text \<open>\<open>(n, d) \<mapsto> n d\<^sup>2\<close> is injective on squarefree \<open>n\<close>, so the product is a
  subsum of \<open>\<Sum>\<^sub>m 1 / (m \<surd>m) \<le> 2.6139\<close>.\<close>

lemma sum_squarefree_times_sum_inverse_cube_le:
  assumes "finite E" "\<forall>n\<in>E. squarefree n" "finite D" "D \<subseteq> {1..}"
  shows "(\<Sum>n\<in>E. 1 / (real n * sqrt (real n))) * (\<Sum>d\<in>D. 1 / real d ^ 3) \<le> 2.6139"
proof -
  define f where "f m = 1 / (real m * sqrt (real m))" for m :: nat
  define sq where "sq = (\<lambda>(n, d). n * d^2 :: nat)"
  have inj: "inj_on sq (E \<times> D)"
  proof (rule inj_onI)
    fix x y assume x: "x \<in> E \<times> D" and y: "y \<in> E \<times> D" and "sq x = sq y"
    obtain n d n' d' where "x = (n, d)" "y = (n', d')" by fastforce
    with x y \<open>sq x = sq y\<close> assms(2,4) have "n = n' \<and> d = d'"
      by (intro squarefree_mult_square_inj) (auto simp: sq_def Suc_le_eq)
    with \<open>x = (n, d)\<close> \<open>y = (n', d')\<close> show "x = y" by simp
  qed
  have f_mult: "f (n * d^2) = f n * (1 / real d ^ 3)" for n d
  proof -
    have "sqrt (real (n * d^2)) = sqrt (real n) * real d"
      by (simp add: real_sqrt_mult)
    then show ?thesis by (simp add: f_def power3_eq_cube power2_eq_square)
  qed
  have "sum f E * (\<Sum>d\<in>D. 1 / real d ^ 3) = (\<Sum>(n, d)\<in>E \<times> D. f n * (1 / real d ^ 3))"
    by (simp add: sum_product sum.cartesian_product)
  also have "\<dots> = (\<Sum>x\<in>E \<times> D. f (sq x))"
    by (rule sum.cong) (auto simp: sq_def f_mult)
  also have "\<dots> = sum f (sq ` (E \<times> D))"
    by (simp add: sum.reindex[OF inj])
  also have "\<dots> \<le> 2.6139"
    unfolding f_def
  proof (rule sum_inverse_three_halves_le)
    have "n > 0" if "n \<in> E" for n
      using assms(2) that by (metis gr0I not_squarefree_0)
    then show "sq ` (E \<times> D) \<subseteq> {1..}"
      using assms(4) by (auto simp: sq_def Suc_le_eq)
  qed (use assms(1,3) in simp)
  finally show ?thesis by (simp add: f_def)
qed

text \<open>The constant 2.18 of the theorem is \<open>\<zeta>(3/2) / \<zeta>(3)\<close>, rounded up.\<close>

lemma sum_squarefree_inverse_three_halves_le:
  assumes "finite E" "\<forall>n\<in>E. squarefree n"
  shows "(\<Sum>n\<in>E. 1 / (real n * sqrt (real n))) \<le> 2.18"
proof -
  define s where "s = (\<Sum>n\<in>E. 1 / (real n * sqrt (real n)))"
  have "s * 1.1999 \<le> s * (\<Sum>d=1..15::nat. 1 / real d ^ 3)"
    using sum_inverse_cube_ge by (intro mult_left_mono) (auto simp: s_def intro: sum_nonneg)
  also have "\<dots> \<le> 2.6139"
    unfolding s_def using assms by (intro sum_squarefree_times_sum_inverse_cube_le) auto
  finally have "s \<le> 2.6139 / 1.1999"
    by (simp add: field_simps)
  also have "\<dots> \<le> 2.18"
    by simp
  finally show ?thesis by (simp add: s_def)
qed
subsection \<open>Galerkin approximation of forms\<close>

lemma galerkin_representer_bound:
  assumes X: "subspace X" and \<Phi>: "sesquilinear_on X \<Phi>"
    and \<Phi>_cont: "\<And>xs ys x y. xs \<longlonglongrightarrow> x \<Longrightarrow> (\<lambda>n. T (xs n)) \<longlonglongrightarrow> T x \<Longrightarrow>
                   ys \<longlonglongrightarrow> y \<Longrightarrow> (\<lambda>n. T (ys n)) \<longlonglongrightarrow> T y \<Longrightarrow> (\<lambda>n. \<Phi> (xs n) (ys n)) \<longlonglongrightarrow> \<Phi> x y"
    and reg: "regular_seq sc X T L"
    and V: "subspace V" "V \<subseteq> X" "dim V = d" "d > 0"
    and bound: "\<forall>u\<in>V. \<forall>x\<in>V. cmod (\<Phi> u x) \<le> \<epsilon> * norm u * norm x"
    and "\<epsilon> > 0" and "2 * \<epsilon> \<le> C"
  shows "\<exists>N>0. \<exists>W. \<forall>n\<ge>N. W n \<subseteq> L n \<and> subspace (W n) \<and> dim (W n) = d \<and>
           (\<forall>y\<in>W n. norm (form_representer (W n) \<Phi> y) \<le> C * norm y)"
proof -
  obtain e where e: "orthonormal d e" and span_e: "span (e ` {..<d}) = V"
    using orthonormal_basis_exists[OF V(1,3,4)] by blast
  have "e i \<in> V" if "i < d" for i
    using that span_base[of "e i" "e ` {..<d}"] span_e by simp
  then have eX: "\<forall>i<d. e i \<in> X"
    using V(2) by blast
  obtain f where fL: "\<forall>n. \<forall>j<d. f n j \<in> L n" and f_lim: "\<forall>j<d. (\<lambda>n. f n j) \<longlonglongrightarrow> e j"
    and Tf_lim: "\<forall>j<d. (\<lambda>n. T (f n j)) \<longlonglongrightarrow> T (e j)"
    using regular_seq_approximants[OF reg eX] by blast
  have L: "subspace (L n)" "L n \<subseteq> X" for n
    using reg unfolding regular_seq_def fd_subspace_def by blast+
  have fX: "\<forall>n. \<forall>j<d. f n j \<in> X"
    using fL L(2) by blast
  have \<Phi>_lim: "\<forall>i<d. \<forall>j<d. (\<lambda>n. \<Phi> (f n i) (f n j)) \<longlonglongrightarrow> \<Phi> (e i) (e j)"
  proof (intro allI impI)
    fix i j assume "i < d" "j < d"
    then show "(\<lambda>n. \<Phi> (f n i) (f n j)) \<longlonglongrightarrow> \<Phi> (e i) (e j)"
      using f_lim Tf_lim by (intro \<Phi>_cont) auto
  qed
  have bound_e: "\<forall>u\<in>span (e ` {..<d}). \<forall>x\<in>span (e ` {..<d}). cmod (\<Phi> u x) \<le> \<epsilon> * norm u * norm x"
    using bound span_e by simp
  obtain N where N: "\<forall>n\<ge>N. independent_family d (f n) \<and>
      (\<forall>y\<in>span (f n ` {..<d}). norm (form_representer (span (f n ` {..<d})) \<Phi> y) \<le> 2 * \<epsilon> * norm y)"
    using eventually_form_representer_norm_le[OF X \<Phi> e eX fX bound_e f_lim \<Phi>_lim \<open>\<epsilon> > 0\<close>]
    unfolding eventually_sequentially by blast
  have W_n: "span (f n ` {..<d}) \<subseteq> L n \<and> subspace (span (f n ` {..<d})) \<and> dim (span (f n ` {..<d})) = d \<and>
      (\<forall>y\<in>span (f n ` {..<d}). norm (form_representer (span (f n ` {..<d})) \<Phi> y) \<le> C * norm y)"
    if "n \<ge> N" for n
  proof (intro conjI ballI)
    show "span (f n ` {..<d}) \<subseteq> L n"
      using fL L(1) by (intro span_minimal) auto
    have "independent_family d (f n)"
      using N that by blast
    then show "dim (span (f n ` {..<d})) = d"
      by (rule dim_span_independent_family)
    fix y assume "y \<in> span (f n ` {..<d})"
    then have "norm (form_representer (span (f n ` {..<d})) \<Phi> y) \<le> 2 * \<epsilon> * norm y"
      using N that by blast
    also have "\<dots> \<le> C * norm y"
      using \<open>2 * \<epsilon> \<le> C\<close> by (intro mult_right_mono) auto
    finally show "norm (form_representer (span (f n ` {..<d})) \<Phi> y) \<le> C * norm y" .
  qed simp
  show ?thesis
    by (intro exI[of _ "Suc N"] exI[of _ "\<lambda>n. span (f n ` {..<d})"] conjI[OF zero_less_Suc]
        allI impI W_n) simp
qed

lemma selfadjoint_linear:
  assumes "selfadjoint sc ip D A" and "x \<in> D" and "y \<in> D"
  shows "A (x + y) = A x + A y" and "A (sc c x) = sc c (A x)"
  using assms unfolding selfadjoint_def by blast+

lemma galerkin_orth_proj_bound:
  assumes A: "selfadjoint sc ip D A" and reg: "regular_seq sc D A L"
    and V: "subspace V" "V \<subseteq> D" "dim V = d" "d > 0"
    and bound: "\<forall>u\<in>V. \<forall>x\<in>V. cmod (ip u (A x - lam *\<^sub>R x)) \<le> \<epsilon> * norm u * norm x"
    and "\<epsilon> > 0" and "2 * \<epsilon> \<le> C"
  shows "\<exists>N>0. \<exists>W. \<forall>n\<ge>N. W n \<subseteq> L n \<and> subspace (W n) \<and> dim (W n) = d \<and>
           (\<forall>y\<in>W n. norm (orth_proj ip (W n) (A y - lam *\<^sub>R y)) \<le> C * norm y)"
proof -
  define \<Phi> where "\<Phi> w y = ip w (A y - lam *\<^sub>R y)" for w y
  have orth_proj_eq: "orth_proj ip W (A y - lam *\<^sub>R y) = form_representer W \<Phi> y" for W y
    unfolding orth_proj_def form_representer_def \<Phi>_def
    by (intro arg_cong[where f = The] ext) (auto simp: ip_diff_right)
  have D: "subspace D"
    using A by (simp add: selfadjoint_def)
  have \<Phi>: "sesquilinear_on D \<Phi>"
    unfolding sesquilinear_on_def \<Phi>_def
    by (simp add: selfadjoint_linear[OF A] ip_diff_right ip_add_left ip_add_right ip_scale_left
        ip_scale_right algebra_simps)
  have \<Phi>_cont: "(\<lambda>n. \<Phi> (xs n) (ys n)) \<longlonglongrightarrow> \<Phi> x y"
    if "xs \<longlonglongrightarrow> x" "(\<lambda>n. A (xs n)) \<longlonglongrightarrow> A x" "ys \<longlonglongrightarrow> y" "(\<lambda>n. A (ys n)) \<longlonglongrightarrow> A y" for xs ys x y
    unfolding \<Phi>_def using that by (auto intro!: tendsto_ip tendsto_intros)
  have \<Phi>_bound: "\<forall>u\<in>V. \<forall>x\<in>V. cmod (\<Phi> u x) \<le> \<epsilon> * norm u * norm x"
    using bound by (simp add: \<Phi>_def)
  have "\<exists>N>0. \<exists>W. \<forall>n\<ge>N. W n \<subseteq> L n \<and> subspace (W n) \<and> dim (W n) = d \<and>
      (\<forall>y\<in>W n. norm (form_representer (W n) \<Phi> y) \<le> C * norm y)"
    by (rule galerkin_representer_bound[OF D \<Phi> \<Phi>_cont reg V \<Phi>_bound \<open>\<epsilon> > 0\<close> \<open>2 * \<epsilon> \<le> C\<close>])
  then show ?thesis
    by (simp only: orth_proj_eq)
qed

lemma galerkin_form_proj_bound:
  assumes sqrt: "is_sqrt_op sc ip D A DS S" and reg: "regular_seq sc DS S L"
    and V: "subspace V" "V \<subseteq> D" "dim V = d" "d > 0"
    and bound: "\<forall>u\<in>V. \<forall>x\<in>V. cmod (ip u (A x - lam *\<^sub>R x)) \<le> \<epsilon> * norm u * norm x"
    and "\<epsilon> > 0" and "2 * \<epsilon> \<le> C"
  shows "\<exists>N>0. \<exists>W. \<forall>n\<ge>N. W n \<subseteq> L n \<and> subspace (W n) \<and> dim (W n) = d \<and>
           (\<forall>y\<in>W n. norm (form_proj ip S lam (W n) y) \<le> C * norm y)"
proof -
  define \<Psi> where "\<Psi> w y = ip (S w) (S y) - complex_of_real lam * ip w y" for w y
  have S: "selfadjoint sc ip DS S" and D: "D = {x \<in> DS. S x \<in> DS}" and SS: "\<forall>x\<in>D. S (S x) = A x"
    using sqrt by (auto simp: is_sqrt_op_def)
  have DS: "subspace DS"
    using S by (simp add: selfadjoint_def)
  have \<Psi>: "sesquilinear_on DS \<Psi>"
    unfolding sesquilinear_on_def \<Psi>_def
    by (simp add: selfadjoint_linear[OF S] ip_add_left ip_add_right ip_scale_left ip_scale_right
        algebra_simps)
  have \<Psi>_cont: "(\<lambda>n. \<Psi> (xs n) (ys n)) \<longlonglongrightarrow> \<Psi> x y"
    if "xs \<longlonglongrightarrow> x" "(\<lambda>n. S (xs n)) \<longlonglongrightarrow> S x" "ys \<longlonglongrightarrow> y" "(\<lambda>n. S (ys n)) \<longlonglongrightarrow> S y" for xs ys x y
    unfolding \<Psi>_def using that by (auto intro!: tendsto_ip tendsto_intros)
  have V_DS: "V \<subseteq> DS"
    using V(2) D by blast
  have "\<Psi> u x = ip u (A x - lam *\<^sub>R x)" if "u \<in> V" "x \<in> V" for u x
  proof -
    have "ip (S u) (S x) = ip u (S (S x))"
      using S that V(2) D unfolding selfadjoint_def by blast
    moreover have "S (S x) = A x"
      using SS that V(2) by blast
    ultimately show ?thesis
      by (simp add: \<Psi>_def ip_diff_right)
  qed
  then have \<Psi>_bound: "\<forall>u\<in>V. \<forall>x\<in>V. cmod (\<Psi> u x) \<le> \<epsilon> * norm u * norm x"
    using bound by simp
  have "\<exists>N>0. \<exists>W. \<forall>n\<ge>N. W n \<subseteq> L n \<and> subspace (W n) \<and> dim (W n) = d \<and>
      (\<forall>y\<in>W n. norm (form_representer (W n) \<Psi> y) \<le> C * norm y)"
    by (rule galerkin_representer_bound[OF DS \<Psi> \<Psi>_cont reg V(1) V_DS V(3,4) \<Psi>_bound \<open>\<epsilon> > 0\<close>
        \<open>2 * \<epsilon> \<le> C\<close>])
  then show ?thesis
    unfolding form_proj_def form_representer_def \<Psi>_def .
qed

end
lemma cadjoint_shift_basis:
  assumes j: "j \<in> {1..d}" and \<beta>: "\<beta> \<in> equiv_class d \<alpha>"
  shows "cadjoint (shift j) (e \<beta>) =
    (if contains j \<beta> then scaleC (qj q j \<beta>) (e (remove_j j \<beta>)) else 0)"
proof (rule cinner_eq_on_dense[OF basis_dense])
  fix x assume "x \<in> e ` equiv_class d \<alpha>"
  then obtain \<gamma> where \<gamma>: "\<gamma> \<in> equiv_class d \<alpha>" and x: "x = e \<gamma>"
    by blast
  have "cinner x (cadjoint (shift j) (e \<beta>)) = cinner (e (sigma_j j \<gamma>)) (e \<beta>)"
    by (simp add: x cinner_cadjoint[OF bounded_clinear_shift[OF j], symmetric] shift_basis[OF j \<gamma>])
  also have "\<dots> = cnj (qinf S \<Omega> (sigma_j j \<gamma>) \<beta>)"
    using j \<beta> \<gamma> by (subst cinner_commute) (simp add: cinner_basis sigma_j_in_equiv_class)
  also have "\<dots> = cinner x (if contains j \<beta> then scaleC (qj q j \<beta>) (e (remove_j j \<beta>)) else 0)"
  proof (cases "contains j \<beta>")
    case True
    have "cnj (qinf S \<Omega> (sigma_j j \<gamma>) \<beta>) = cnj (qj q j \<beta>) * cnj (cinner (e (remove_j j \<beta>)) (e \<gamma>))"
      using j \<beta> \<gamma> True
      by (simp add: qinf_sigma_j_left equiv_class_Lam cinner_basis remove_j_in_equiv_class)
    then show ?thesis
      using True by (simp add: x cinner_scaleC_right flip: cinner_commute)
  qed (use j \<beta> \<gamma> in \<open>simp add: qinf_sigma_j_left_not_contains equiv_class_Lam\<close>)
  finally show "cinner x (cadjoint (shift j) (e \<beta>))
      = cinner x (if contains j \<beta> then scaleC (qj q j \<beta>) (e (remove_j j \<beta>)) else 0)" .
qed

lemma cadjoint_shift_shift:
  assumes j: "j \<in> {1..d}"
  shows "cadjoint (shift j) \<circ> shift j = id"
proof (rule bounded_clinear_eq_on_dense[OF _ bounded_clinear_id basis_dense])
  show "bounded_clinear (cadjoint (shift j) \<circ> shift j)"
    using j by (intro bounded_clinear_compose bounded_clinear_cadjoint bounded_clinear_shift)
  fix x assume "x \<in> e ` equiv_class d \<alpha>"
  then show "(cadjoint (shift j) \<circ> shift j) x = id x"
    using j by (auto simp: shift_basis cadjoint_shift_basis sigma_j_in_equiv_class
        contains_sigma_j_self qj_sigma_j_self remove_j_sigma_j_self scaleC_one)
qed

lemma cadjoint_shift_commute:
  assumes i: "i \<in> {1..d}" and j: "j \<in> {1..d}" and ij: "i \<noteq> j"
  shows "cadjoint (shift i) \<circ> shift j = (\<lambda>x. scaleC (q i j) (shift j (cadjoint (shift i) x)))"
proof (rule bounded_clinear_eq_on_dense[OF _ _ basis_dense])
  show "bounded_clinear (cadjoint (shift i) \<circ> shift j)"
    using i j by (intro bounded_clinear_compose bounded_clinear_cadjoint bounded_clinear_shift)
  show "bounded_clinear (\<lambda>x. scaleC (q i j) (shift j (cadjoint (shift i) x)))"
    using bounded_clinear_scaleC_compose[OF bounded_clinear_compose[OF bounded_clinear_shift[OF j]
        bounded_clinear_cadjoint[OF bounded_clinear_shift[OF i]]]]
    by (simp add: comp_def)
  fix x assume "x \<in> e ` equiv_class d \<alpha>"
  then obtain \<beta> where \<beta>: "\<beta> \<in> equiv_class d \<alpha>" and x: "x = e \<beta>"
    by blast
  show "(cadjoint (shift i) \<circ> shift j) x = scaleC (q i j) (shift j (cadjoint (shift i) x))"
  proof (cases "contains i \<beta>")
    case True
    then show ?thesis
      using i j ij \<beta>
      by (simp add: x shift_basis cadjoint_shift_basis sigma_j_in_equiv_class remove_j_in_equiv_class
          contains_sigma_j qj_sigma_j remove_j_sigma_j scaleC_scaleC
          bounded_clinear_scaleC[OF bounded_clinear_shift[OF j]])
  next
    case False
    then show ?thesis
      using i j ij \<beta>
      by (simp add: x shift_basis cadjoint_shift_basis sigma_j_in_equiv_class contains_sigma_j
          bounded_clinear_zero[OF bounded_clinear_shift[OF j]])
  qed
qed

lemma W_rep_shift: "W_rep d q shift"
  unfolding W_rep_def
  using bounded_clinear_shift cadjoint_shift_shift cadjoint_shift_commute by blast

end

## Assigned task
Report each line of the material above where the word "with" appears.

## Solution to the problem
    with x y \<open>sq x = sq y\<close> assms(2,4) have "n = n' \<and> d = d'"
    with \<open>x = (n, d)\<close> \<open>y = (n', d')\<close> show "x = y" by simp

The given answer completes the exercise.